The following are some DoD-specific provisions to be aware of:

  • Section 827: Directs a pilot program on recovering costs from contractors whose protests are denied by the Government Accountability Office.
  • Section 831: Redefines Major Defense Acquisition Programs and Defense Business Systems.
  • Section 832: Prohibits the use of lowest price technically acceptable source selection process for engineering and manufacturing development contracts for major defense acquisition programs.
  • Sections 841-844: Numerous enhancements relating to the acquisition work force.
  • Section 854: Pilot program for multiyear contracts up to 10 years in length.
  • Section 905: Adds qualifications for appointment as the Under Secretary of Defense (Comptroller) and the Deputy CFO. Adds duties and powers to the Under Secretary’s position.
  • Section 906: Redesignates Principal Deputy Under Secretaries of Defense as Deputy Under Secretaries of Defense.
  • Section 910: Establishes a Chief Management Officer of the Department of Defense. This will be the number three ranking person in the department, below the Secretary and Deputy Secretary, but above the Under Secretaries.
  • Section 921: Adds qualifications for appointment as the Assistant Secretary for Financial Management in each of the three military departments.
  • Section 925: Moves background and security investigations from OPM to DoD.
  • Section 1002: Adds a new chapter to Title 10 consolidating, codifying, and improving authorities and requirements relating to the audit of DoD financial statements. Among many other changes, the Financial Improvement and Audit Readiness (FIAR) plan is now called Financial Improvement and Audit Remediation (FIAR) plan.
  • Section 1004: By mid-March 2018, DoD must submit a report to Congress ranking every DoD component/agency on their auditability.
  • Section 1103: The temporary authority for DoD to offer Voluntary Separation Incentive Program payments up to $40,000 (rather than the old $25,000) will not expire on Sept 30, 2018. It is extended to Sept 30, 2021.
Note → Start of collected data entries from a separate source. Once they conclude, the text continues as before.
lemma real_analytic_on_imp_C1:
  fixes f :: "real^'m::finite \<Rightarrow> real"
  assumes "real_analytic_on f U" "0 \<in> U"
  shows "\<exists>r>0. (\<forall>y\<in>ball 0 r. (f has_derivative (\<lambda>h. grad f y \<bullet> h)) (at y))
              \<and> continuous_on (ball 0 r) (grad f)"
proof -
  obtain r c where r: "r > 0"
    and series: "\<And>y. y \<in> ball 0 r \<Longrightarrow> ((\<lambda>\<alpha>. c \<alpha> * monomial \<alpha> y) has_sum f y) UNIV"
    using assms unfolding real_analytic_on_def monomial_def by fastforce
  define s where "s = r / (2 * real CARD('m))"
  have s: "s > 0" using r by (simp add: s_def)
  have "s \<le> r / 2" using r by (simp add: s_def field_simps)
  then have series': "((\<lambda>\<alpha>. c \<alpha> * monomial \<alpha> y) has_sum f y) UNIV" if "y \<in> ball 0 (s/2)" for y
    using that r by (intro series) auto
  \<comment> \<open>absolute convergence at the corner \<open>(s,\<dots>,s)\<close> of the polydisc gives the majorant\<close>
  define w where "w = ((\<chi> i. s) :: real^'m)"
  have "norm w \<le> real CARD('m) * s"
    using norm_le_l1_cart[of w] s by (simp add: w_def)
  also have "\<dots> < r" using r by (simp add: s_def)
  finally have "(\<lambda>\<alpha>. c \<alpha> * monomial \<alpha> w) summable_on UNIV"
    using series[of w] by (auto simp: summable_on_def)
  then have "(\<lambda>\<alpha>. norm (c \<alpha> * monomial \<alpha> w)) summable_on UNIV"
    by (rule summable_on_iff_abs_summable_on_real[THEN iffD1])
  moreover have "norm (c \<alpha> * monomial \<alpha> w) = \<bar>c \<alpha>\<bar> * (\<Prod>i\<in>UNIV. s ^ \<alpha> i)" for \<alpha>
    using s by (simp add: monomial_def w_def abs_mult prod_nonneg)
  ultimately interpret dominated_power_series c s
    using s by unfold_locales simp_all
  show ?thesis
    using power_series_C1[OF series'] s by (intro exI[of _ "s/2"]) auto
qed

section \<open>Gram determinants, Cramer's rule and continuity of matrix operations\<close>

lemma det_nz_iff_kernel_trivial:
  fixes A :: "real^'n^'n"
  shows "det A \<noteq> 0 \<longleftrightarrow> (\<forall>c. A *v c = 0 \<longrightarrow> c = 0)"
proof -
  have "det A \<noteq> 0 \<longleftrightarrow> inj ((*v) A)"
    by (simp add: invertible_det_nz[symmetric] invertible_left_inverse matrix_left_invertible_injective)
  also have "\<dots> \<longleftrightarrow> (\<forall>c. A *v c = 0 \<longrightarrow> c = 0)"
    unfolding inj_def by (metis matrix_vector_mult_0_right matrix_vector_mult_diff_distrib right_minus_eq)
  finally show ?thesis .
qed

lemma inner_gram_matrix:
  fixes J :: "real^'m^'p"
  shows "c \<bullet> ((J ** transpose J) *v c) = (c v* J) \<bullet> (c v* J)"
  by (simp add: matrix_vector_mul_assoc[symmetric] dot_lmul_matrix)

lemma det_gram_matrix_nz_iff:
  fixes J :: "real^'m^'p"
  shows "det (J ** transpose J) \<noteq> 0 \<longleftrightarrow> (\<forall>c. c v* J = 0 \<longrightarrow> c = 0)"
proof -
  have "(J ** transpose J) *v c = 0 \<longleftrightarrow> c v* J = 0" for c
  proof
    assume "(J ** transpose J) *v c = 0"
    then show "c v* J = 0" using inner_gram_matrix[of c J] by simp
  next
    assume "c v* J = 0"
    then show "(J ** transpose J) *v c = 0"
      by (simp add: matrix_vector_mul_assoc[symmetric])
  qed
  then show ?thesis by (simp add: det_nz_iff_kernel_trivial)
qed

lemma continuous_on_det:
  fixes A :: "'a::topological_space \<Rightarrow> real^'n^'n"
  assumes "continuous_on S A"
  shows "continuous_on S (\<lambda>x. det (A x))"
  unfolding det_def by (intro continuous_intros assms)

lemma psd_det_nonneg:
  fixes M :: "real^'n^'n"
  assumes psd: "\<And>c. 0 \<le> c \<bullet> (M *v c)"
  shows "0 \<le> det M"
proof (rule ccontr)
  assume neg: "\<not> 0 \<le> det M"
  \<comment> \<open>\<open>K s\<close> is positive definite for \<open>s < 1\<close> and \<open>det (K 0) = 1\<close>, so by the intermediate value
      theorem \<open>det M < 0\<close> would force a singular \<open>K s\<close> with \<open>s < 1\<close>\<close>
  define K where "K s = s *\<^sub>R M + (1 - s) *\<^sub>R (mat 1 :: real^'n^'n)" for s :: real
  have "continuous_on {0..1} (\<lambda>s. det (K s))"
    unfolding K_def by (intro continuous_on_det continuous_intros)
  then obtain s where s: "0 \<le> s" "s \<le> 1" "det (K s) = 0"
    using IVT2'[of "\<lambda>s. det (K s)" 1 0 0] neg by (auto simp: K_def)
  have "s \<noteq> 1" using s neg by (auto simp: K_def)
  with s have s1: "s < 1" by simp
  have "c = 0" if "K s *v c = 0" for c
  proof -
    have "K s *v c = s *\<^sub>R (M *v c) + (1 - s) *\<^sub>R c"
      by (simp add: K_def matrix_vector_mult_add_rdistrib scaleR_matrix_vector_assoc[symmetric])
    then have "s * (c \<bullet> (M *v c)) + (1 - s) * (c \<bullet> c) = 0"
      using that by (metis inner_add_right inner_scaleR_right inner_zero_right)
    then have "(1 - s) * (c \<bullet> c) \<le> 0" using psd[of c] s by (smt (verit) mult_nonneg_nonneg)
    then have "c \<bullet> c \<le> 0" using s1 by (simp add: mult_le_0_iff)
    then show "c = 0" by (metis antisym inner_ge_zero inner_eq_zero_iff)
  qed
  then show False using s det_nz_iff_kernel_trivial by blast
qed

lemma det_gram_matrix_nonneg:
  fixes J :: "real^'m^'p"
  shows "0 \<le> det (J ** transpose J)"
  by (rule psd_det_nonneg) (simp add: inner_gram_matrix)

definition cramer_solve :: "real^'n^'n \<Rightarrow> real^'n \<Rightarrow> real^'n" where
  "cramer_solve A b = (\<chi> k. det (\<chi> i j. if j = k then b$i else A$i$j) / det A)"

lemma matrix_vector_mult_cramer_solve: "det A \<noteq> 0 \<Longrightarrow> A *v cramer_solve A b = b"
  unfolding cramer_solve_def using cramer by blast

lemma continuous_on_cramer_solve:
  fixes A :: "'a::topological_space \<Rightarrow> real^'n^'n"
  assumes "continuous_on S A" "continuous_on S b" "\<And>x. x \<in> S \<Longrightarrow> det (A x) \<noteq> 0"
  shows "continuous_on S (\<lambda>x. cramer_solve (A x) (b x))"
proof -
  have "continuous_on S (\<lambda>x. if j = k then b x $ i else A x $ i $ j)" for i j k
    using assms by (cases "j = k") (auto intro!: continuous_on_component)
  then show ?thesis
    unfolding cramer_solve_def using assms
    by (intro continuous_on_vec_lambda continuous_on_divide continuous_on_det) auto
qed

lemma continuous_on_matrix_mult:
  fixes A :: "'a::topological_space \<Rightarrow> real^'n^'m" and B :: "'a \<Rightarrow> real^'k^'n"
  assumes "continuous_on S A" "continuous_on S B"
  shows "continuous_on S (\<lambda>x. A x ** B x)"
  unfolding matrix_matrix_mult_def by (intro continuous_intros assms)

lemma continuous_on_transpose:
  fixes A :: "'a::topological_space \<Rightarrow> real^'n^'m"
  assumes "continuous_on S A"
  shows "continuous_on S (\<lambda>x. transpose (A x))"
  unfolding transpose_def by (intro continuous_intros assms)

lemma continuous_on_matrix_vector_mult:
  fixes A :: "'a::topological_space \<Rightarrow> real^'n^'m"
  assumes "continuous_on S A" "continuous_on S b"
  shows "continuous_on S (\<lambda>x. A x *v b x)"
  unfolding matrix_vector_mult_def by (intro continuous_intros assms)

lemma continuous_on_vector_matrix_mult:
  fixes A :: "'a::topological_space \<Rightarrow> real^'n^'m"
  assumes "continuous_on S A" "continuous_on S b"
  shows "continuous_on S (\<lambda>x. b x v* A x)"
  unfolding vector_matrix_mult_def by (intro continuous_intros assms)

lemma vector_matrix_mult_scaleR: "(a *\<^sub>R u) v* (J::real^'m^'p) = a *\<^sub>R (u v* J)"
  by (simp add: vector_matrix_mult_def vec_eq_iff sum_distrib_left algebra_simps)

lemma vector_matrix_mult_sum: "(\<Sum>l\<in>S. f l) v* (J::real^'m^'p) = (\<Sum>l\<in>S. f l v* J)"
  by (induction S rule: infinite_finite_induct) (auto simp: vector_matrix_left_distrib)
  • Section 1648: Requires a report to Congress by May 1, 2018 on the termination of the dual-hat arrangement for the Commander of the United States Cyber Command.
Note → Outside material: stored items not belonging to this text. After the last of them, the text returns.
(* Let $\Phi$ be an irreducible crystallographic root system with simple system $S$ and positive system $\Phi^+$, let $k$ be a positive integer, and let $\mathcal{I}=(I_1,\ldots,I_k)$ be a geometric chain of $k$ ideals in the root poset of $\Phi$. Define $\underline{\mathcal{I}}=(\underline{I}_1,\ldots,\underline{I}_{k+1})$ by $\underline{I}_i=I_i$ for $i\in\{1,\ldots,k\}$ and $\underline{I}_{k+1}=\bigcup_{i+j=k+1}\big((I_i+I_j)\cap\Phi^+\big)\cup I_k\cup S$. Then $\underline{\mathcal{I}}$ is a positive geometric chain of $k+1$ ideals, and the bounded dominant region $\underline{R}=\theta^{-1}(\underline{\mathcal{I}})$ of the $(k+1)$-Catalan arrangement of $\Phi$ is contained in the dominant region $R=\theta^{-1}(\mathcal{I})$ of the $k$-Catalan arrangement.
   Context: $\Phi$ lives in a real Euclidean space $V$ with inner product $\langle\cdot,\cdot\rangle$; $H_\alpha^r=\{x\in V\mid\langle x,\alpha\rangle=r\}$. For a positive integer $K$, the $K$-Catalan arrangement consists of $H_\alpha^r$, $\alpha\in\Phi$, $r\in\{0,\ldots,K\}$; regions are connected components of its complement; $R$ is dominant if $\langle x,\alpha\rangle>0$ for all $\alpha\in\Phi^+$, $x\in R$. The root poset is $\Phi^+$ with $\alpha\le\beta$ iff $\beta-\alpha$ is a nonnegative integer combination of $S$; ideals are down-closed subsets, order filters up-closed subsets. Sums of sets are sumsets $A+B=\{a+b\mid a\in A,b\in B\}$. An ascending chain $I_1\subseteq\cdots\subseteq I_K$ of ideals, with corresponding order filters $J_i=\Phi^+\setminus I_i$, is geometric if $(I_i+I_j)\cap\Phi^+\subseteq I_{i+j}$ for all $i,j\in\{0,\ldots,K\}$ with $i+j\le K$, and $(J_i+J_j)\cap\Phi^+\subseteq J_{i+j}$ for all $i,j\in\{0,\ldots,K\}$, where $I_0=\varnothing$, $J_0=\Phi^+$ and $J_i=J_K$ for $i>K$. It is positive if $S\subseteq I_K$. For a dominant region $R$ of the $K$-Catalan arrangement, $\theta(R)=(I_1,\ldots,I_K)$ with $I_i=\{\alpha\in\Phi^+\mid\langle x,\alpha\rangle<i\text{ for all }x\in R\}$; it is known that $\theta$ is a bijection from dominant regions of the $K$-Catalan arrangement to geometric chains of $K$ ideals, restricting to a bijection between bounded dominant regions and positive geometric chains. In the union defining $\underline{I}_{k+1}$, $i,j$ range over $\{0,\ldots,k\}$ with $I_0=\varnothing$. *)

theory Defs
  imports "HOL-Analysis.Analysis"
begin

definition refl_vec :: "'a::euclidean_space \<Rightarrow> 'a \<Rightarrow> 'a" where
  "refl_vec \<alpha> \<beta> = \<beta> - (2 * (\<beta> \<bullet> \<alpha>) / (\<alpha> \<bullet> \<alpha>)) *\<^sub>R \<alpha>"

definition crystallographic_root_system :: "'a::euclidean_space set \<Rightarrow> bool" where
  "crystallographic_root_system \<Phi> \<longleftrightarrow>
     finite \<Phi> \<and> 0 \<notin> \<Phi> \<and> span \<Phi> = UNIV \<and>
     (\<forall>\<alpha>\<in>\<Phi>. \<forall>c::real. c *\<^sub>R \<alpha> \<in> \<Phi> \<longrightarrow> c = 1 \<or> c = -1) \<and>
     (\<forall>\<alpha>\<in>\<Phi>. \<forall>\<beta>\<in>\<Phi>. refl_vec \<alpha> \<beta> \<in> \<Phi>) \<and>
     (\<forall>\<alpha>\<in>\<Phi>. \<forall>\<beta>\<in>\<Phi>. 2 * (\<beta> \<bullet> \<alpha>) / (\<alpha> \<bullet> \<alpha>) \<in> \<int>)"

definition irreducible_root_system :: "'a::euclidean_space set \<Rightarrow> bool" where
  "irreducible_root_system \<Phi> \<longleftrightarrow>
     \<not> (\<exists>A B. A \<noteq> {} \<and> B \<noteq> {} \<and> A \<union> B = \<Phi> \<and> A \<inter> B = {} \<and>
            (\<forall>a\<in>A. \<forall>b\<in>B. a \<bullet> b = 0))"

definition simple_system :: "'a::euclidean_space set \<Rightarrow> 'a set \<Rightarrow> bool" where
  "simple_system \<Phi> S \<longleftrightarrow>
     S \<subseteq> \<Phi> \<and> independent S \<and> span S = UNIV \<and>
     (\<forall>\<alpha>\<in>\<Phi>. \<exists>c::'a \<Rightarrow> real. \<alpha> = (\<Sum>s\<in>S. c s *\<^sub>R s) \<and>
                 ((\<forall>s\<in>S. c s \<ge> 0) \<or> (\<forall>s\<in>S. c s \<le> 0)))"

definition positive_roots :: "'a::euclidean_space set \<Rightarrow> 'a set \<Rightarrow> 'a set" where
  "positive_roots \<Phi> S =
     {\<alpha>\<in>\<Phi>. \<exists>c::'a \<Rightarrow> real. \<alpha> = (\<Sum>s\<in>S. c s *\<^sub>R s) \<and> (\<forall>s\<in>S. c s \<ge> 0)}"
  • Section 2802: Operation and Maintenance (O&M) appropriations may be used for construction up to $2,000,000 (up from the previous $1,000,000). Also, the unspecified MILCON limit goes from $3,000,000 to $6,000,000.
  • Section 2803: The Secretary of each component will adjust the $6,000,000 unspecified MILCON limit each fiscal year to reflect the local construction cost index, but the limit may not exceed $10,000,000.
  • Section 2805: The Secretary of each component may use O&M funds to replace building damaged or destroyed by natural disasters or terrorism incidents, with a limit of $50,000,000 per fiscal year.